> TASK
The entries below contain a line with "proof (induction n)" and a line with "by (simp add: twisted_conj_rel_apply)". Quote exactly those two lines and all lines between them.

> STUDY MATERIAL

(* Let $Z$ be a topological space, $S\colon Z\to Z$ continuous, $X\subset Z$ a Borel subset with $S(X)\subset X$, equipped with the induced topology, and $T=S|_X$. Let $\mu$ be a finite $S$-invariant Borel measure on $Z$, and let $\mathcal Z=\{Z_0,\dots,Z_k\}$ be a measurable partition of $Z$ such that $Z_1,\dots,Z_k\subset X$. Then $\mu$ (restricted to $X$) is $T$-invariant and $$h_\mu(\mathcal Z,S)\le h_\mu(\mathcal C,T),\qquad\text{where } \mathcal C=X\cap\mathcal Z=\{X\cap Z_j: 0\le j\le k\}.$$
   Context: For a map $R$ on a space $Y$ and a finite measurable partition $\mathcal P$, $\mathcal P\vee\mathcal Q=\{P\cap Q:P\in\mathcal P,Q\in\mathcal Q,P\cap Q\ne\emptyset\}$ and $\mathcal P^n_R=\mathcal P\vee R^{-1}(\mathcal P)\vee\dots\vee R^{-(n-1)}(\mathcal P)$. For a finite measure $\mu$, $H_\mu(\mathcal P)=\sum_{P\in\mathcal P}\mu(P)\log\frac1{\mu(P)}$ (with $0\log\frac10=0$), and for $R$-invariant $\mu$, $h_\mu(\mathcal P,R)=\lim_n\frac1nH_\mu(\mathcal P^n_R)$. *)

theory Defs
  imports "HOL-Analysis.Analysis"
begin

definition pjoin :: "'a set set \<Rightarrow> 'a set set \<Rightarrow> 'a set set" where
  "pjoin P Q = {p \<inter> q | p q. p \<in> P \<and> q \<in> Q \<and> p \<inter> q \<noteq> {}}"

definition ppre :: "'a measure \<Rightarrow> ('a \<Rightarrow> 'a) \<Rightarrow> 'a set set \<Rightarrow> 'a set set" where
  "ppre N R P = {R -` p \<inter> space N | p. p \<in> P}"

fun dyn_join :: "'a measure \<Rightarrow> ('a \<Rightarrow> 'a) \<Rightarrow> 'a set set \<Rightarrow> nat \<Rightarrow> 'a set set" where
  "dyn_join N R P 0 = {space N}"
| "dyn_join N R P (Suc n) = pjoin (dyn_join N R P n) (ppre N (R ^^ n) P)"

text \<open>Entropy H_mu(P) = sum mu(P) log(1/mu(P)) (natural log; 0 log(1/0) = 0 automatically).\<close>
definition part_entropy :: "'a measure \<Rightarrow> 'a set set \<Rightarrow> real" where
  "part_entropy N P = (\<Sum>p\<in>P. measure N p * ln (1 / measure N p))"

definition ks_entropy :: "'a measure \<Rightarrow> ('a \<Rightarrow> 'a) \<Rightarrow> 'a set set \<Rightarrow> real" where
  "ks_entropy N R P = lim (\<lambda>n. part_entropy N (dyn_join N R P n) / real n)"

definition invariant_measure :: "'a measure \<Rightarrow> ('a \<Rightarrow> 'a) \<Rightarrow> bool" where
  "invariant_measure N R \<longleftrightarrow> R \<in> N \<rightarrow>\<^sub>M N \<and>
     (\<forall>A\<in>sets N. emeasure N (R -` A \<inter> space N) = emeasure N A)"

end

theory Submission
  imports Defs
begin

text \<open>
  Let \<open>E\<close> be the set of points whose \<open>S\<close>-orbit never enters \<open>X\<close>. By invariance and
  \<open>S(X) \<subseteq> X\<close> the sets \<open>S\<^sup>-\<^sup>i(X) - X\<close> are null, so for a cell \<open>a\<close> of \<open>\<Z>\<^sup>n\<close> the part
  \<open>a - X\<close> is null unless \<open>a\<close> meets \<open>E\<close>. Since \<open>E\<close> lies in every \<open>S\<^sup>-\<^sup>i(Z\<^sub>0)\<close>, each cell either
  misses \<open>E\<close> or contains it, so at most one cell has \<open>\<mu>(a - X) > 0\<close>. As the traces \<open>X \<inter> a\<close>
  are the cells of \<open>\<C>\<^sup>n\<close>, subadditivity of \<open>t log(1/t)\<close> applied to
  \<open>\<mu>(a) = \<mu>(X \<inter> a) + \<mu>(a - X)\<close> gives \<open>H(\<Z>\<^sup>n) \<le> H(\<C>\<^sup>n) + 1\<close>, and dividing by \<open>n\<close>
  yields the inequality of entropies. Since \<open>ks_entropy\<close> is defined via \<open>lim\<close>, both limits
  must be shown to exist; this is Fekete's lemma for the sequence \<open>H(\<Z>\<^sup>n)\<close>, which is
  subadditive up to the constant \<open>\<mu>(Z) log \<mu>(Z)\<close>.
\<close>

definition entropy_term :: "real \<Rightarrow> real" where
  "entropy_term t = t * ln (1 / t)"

--

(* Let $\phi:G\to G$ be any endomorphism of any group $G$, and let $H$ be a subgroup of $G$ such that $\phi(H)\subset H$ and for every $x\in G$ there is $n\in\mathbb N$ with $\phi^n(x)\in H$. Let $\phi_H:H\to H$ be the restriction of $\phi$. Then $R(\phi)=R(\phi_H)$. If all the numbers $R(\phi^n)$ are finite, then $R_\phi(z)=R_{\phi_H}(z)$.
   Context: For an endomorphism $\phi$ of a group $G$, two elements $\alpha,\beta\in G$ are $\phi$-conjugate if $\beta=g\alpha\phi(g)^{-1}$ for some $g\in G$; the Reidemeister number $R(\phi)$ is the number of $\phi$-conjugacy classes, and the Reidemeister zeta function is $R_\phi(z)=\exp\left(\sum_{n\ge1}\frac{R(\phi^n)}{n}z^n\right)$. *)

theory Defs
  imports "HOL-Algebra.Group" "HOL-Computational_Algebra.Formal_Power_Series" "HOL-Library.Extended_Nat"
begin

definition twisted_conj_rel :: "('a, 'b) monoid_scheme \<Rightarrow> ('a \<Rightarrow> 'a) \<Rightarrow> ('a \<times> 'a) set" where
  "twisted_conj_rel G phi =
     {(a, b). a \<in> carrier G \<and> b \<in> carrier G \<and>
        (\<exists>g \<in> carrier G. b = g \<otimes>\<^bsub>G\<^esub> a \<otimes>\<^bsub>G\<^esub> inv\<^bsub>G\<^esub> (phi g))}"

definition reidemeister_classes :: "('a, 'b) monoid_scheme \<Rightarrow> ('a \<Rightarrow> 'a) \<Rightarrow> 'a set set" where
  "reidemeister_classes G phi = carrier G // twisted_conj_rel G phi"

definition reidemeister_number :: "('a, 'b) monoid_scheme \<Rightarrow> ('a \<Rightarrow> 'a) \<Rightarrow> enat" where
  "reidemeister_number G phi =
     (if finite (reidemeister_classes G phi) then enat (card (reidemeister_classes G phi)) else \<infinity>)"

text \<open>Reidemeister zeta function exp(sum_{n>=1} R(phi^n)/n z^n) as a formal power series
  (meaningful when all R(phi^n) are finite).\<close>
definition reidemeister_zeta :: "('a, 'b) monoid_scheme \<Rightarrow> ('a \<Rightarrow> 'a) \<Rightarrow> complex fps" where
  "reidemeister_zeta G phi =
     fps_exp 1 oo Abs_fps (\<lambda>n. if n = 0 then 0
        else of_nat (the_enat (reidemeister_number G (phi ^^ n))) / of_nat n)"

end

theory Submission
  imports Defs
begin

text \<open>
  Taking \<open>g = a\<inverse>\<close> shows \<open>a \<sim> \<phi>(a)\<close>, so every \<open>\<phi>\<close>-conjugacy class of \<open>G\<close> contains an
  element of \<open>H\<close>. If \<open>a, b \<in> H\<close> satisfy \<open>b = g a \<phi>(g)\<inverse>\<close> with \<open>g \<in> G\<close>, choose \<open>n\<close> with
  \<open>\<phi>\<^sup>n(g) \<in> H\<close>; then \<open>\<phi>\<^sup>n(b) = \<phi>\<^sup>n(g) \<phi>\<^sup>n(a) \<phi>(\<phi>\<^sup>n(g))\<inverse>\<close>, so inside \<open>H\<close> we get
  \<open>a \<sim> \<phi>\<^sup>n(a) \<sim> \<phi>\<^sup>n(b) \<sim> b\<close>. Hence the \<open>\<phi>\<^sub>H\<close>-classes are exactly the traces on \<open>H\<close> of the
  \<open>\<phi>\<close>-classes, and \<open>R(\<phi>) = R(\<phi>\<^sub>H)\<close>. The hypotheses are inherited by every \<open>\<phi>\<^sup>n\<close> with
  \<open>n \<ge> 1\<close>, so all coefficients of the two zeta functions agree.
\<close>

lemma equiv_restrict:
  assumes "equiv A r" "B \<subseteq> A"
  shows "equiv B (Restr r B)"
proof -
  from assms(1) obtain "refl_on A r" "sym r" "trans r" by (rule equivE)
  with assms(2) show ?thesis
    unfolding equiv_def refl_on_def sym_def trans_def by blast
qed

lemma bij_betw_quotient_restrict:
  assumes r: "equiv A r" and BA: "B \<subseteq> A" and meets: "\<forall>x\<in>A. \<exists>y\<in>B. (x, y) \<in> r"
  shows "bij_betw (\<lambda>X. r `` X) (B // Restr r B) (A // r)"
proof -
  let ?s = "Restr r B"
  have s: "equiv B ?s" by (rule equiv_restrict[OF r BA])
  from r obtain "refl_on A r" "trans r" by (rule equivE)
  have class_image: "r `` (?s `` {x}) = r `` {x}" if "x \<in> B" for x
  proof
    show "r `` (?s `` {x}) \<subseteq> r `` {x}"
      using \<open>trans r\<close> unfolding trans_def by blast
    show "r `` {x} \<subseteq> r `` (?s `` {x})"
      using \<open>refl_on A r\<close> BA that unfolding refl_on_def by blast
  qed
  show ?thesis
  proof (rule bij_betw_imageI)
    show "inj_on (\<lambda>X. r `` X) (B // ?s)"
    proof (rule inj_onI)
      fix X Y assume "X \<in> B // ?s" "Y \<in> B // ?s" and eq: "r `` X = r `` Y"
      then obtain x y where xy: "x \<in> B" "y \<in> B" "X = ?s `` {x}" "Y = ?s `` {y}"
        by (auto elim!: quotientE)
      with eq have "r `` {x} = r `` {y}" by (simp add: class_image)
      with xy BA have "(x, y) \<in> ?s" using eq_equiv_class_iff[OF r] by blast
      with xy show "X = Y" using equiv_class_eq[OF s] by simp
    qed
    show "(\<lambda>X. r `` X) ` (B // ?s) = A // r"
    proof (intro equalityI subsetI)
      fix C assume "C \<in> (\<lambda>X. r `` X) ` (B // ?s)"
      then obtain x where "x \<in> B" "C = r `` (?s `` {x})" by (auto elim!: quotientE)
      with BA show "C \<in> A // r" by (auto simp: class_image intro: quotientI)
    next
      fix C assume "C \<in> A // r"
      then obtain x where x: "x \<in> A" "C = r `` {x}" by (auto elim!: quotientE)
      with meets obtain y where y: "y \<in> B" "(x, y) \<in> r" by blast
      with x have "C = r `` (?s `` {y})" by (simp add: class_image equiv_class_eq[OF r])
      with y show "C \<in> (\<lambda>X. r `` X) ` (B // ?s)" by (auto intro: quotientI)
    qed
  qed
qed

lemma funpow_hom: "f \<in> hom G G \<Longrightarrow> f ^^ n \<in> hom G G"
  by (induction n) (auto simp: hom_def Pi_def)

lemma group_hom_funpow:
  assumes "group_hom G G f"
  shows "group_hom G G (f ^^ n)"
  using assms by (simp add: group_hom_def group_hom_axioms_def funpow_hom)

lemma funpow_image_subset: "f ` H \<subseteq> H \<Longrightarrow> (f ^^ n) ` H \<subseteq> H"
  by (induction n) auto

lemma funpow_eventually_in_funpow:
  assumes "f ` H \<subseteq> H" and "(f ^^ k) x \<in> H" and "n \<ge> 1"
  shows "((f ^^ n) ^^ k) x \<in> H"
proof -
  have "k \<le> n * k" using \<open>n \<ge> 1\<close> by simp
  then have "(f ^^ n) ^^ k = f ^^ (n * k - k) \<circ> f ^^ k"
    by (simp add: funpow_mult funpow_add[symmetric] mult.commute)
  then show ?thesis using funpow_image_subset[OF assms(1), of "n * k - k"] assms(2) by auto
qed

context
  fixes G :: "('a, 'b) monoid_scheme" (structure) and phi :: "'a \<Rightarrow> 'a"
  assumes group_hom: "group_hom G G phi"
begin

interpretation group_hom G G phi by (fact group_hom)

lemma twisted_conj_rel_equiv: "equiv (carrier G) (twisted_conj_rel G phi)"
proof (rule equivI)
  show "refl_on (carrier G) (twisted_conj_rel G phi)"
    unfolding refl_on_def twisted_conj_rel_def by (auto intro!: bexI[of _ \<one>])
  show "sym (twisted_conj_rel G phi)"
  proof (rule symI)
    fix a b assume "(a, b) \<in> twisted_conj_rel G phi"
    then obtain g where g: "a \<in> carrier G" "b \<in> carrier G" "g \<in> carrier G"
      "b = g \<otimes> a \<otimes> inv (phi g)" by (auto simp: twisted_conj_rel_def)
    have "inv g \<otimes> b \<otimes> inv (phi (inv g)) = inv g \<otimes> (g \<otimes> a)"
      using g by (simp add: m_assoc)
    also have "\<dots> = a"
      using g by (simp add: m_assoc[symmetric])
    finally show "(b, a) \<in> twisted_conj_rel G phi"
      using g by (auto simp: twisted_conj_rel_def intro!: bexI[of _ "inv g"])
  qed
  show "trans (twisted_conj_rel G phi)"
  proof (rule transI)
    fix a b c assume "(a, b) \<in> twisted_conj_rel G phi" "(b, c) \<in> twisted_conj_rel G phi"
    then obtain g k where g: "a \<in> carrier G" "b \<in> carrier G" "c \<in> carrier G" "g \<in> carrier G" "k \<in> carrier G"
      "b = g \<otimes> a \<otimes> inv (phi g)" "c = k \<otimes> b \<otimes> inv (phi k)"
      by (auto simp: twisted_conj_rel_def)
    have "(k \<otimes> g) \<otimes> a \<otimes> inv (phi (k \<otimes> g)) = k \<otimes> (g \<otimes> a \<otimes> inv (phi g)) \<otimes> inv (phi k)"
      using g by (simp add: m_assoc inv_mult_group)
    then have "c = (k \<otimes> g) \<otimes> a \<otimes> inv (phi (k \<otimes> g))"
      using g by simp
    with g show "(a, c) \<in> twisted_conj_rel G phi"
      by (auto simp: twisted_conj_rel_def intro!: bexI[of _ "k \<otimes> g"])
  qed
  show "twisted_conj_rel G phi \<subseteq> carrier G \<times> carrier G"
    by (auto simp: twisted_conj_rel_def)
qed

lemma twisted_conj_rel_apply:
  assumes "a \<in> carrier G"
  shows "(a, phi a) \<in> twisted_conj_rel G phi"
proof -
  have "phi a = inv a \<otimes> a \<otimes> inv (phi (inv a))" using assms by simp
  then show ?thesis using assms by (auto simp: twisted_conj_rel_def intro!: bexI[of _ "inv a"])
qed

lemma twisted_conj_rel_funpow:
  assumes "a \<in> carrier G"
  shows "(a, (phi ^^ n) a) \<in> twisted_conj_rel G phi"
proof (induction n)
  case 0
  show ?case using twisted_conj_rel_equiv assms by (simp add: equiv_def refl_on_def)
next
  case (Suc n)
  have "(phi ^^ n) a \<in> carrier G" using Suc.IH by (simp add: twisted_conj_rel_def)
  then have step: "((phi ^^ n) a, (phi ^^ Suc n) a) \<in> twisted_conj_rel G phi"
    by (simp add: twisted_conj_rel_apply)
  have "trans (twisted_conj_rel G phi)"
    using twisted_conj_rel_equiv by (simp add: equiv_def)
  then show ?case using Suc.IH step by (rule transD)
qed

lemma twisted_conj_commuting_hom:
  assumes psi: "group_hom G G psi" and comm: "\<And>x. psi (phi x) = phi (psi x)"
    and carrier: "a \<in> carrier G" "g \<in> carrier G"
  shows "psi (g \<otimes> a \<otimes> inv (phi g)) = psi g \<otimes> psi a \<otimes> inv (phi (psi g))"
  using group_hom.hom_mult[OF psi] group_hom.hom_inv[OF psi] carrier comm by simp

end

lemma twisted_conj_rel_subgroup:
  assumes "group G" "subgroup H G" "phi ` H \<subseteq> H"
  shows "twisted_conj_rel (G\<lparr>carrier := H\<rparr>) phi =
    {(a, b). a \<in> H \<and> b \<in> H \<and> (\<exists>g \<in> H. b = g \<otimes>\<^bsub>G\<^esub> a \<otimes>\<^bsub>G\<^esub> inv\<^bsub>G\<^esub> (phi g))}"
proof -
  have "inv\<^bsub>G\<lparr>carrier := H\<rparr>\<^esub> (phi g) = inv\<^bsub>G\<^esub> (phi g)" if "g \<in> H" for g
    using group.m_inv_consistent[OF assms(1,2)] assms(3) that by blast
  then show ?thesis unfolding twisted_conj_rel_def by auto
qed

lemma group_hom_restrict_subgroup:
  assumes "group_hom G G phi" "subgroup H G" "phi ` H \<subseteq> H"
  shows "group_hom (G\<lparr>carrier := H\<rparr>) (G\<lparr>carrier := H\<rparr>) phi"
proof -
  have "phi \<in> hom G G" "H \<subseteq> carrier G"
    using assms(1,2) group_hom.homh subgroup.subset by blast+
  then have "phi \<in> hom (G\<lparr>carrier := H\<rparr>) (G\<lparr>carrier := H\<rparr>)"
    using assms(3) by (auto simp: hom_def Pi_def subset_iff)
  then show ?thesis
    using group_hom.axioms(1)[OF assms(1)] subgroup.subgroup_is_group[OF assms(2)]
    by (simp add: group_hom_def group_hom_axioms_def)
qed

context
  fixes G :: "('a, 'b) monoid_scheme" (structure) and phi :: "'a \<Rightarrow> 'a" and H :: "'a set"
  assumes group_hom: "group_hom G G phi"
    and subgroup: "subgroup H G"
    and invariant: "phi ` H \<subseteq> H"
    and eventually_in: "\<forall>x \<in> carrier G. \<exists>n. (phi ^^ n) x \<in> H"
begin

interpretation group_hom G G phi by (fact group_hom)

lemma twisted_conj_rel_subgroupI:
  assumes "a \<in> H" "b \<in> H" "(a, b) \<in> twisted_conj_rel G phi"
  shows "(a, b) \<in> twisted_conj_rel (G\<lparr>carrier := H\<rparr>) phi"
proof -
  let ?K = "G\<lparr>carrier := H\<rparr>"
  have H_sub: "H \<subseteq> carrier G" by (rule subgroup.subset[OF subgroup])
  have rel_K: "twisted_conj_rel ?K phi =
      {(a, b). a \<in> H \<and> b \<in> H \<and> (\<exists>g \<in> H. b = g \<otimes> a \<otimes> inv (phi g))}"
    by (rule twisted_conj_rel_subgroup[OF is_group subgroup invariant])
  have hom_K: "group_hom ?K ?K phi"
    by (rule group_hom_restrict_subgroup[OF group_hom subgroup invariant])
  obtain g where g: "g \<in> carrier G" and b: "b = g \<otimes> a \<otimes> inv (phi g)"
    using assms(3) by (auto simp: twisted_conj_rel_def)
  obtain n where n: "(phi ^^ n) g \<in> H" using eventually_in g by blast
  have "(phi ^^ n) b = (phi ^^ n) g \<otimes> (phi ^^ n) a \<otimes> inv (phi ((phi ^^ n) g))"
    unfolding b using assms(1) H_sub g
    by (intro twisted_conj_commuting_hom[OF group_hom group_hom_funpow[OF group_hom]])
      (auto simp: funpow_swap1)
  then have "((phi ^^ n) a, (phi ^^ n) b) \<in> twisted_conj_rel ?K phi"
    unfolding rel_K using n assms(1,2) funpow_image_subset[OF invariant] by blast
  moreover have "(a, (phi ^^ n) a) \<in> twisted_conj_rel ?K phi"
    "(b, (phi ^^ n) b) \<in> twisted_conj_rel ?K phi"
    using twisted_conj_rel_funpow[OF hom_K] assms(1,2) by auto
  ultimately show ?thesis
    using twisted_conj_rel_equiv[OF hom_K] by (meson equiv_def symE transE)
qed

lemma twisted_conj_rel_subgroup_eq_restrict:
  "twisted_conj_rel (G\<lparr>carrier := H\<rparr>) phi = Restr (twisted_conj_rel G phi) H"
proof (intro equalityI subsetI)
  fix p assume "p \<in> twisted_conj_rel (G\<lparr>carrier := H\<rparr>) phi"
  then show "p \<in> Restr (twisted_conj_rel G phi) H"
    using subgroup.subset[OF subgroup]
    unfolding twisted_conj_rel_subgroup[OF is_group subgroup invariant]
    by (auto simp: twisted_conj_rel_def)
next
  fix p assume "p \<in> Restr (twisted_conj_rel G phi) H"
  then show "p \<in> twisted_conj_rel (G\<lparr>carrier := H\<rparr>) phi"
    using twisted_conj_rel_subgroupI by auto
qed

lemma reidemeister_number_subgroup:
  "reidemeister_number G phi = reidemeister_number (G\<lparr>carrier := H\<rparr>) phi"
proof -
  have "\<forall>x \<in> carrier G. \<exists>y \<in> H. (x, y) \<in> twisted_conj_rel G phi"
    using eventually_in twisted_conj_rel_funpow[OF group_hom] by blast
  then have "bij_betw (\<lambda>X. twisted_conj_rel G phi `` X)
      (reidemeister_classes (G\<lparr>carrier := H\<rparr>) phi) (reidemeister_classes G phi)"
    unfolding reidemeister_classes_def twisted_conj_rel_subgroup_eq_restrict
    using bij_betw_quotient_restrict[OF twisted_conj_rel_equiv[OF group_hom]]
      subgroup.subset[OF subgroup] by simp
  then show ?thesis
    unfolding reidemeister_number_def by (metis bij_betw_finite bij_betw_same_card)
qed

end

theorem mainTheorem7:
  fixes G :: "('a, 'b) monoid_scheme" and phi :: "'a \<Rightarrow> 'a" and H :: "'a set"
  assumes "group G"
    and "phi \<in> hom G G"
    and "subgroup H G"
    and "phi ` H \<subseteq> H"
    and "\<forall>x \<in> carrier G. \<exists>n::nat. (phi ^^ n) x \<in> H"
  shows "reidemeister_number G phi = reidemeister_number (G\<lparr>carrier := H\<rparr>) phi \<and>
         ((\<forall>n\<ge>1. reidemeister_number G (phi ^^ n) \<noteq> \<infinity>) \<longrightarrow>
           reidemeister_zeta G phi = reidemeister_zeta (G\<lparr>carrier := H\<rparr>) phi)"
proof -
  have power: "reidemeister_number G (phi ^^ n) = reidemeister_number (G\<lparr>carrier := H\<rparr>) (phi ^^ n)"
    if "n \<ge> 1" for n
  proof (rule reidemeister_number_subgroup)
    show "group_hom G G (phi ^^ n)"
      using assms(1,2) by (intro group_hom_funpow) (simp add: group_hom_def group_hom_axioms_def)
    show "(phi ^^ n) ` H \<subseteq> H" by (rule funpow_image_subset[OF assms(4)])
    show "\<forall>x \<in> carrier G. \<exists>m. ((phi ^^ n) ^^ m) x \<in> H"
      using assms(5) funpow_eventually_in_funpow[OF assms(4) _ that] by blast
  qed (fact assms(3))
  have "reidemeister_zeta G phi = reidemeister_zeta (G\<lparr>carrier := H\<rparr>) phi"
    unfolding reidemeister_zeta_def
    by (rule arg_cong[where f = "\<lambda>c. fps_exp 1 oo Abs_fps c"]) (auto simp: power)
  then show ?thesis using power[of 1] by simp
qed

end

> REPLY TO THE TASK
proof (induction n)
  case 0
  show ?case using twisted_conj_rel_equiv assms by (simp add: equiv_def refl_on_def)
next
  case (Suc n)
  have "(phi ^^ n) a \<in> carrier G" using Suc.IH by (simp add: twisted_conj_rel_def)
  then have step: "((phi ^^ n) a, (phi ^^ Suc n) a) \<in> twisted_conj_rel G phi"
    by (simp add: twisted_conj_rel_apply)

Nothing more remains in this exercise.